- [BRIEF]
Nothing is needed except the lines below that run from the one with "using sum_shift_int[of g" through the one with "fixes q a U :: int", repeated exactly.
__________
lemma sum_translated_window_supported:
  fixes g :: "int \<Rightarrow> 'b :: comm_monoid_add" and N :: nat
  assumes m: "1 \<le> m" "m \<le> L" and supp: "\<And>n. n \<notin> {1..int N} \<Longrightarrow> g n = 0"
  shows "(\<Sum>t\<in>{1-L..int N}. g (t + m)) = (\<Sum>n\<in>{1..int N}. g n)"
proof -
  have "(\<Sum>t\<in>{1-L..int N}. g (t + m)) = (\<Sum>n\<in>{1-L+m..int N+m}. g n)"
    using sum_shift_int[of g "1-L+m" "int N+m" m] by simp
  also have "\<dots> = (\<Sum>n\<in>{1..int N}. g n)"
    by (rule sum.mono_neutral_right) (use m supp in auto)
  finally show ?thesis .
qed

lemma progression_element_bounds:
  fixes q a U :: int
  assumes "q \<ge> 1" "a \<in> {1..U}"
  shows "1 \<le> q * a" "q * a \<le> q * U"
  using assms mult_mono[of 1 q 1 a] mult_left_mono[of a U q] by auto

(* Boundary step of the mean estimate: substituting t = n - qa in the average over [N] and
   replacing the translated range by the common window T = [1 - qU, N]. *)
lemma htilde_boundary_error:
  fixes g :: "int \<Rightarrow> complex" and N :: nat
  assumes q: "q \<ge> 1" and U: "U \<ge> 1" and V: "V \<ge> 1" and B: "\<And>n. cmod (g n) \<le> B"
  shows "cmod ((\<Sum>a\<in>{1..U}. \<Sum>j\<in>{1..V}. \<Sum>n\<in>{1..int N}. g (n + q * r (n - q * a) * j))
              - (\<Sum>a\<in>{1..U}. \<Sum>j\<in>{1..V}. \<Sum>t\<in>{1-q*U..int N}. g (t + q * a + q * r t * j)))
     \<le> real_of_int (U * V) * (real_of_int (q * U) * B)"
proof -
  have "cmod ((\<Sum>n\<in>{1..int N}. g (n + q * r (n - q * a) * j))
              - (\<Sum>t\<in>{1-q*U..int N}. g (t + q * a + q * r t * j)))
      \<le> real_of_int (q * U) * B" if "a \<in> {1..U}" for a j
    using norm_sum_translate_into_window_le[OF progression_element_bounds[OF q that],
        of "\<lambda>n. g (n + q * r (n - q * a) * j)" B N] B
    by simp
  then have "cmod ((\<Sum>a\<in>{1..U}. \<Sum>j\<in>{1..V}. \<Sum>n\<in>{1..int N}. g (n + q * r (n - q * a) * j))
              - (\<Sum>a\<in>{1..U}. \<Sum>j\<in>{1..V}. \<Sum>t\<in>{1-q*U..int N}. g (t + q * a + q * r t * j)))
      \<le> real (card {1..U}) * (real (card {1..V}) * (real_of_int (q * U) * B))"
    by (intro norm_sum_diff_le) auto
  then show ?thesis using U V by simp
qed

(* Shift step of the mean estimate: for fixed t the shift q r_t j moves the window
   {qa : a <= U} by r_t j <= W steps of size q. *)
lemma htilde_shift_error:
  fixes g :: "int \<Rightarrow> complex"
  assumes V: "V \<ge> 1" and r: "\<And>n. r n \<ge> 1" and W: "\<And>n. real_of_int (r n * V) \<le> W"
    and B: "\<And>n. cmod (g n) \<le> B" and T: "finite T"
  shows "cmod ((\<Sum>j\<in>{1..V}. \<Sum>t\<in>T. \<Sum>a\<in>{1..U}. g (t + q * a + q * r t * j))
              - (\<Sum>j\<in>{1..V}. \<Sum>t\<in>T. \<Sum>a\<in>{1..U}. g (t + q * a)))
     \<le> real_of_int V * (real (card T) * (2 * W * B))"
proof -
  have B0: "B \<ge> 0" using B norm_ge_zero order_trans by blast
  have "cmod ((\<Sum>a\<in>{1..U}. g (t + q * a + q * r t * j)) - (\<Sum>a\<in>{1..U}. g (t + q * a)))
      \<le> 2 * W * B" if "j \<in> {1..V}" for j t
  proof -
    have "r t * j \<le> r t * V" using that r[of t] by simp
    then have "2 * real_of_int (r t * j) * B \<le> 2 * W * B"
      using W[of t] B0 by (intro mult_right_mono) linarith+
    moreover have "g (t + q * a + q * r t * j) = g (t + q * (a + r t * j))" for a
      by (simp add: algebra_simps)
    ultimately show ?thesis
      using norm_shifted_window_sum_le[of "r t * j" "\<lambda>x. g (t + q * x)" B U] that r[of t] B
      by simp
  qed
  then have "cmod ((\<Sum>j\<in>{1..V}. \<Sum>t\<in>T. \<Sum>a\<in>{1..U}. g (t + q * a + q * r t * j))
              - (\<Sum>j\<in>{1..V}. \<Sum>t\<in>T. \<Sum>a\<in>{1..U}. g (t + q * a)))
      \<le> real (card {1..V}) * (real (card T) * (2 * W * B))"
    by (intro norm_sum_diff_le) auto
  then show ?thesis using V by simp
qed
__________
- [YOUR RESPONSE]
    using sum_shift_int[of g "1-L+m" "int N+m" m] by simp
  also have "\<dots> = (\<Sum>n\<in>{1..int N}. g n)"
    by (rule sum.mono_neutral_right) (use m supp in auto)
  finally show ?thesis .
qed

lemma progression_element_bounds:
  fixes q a U :: int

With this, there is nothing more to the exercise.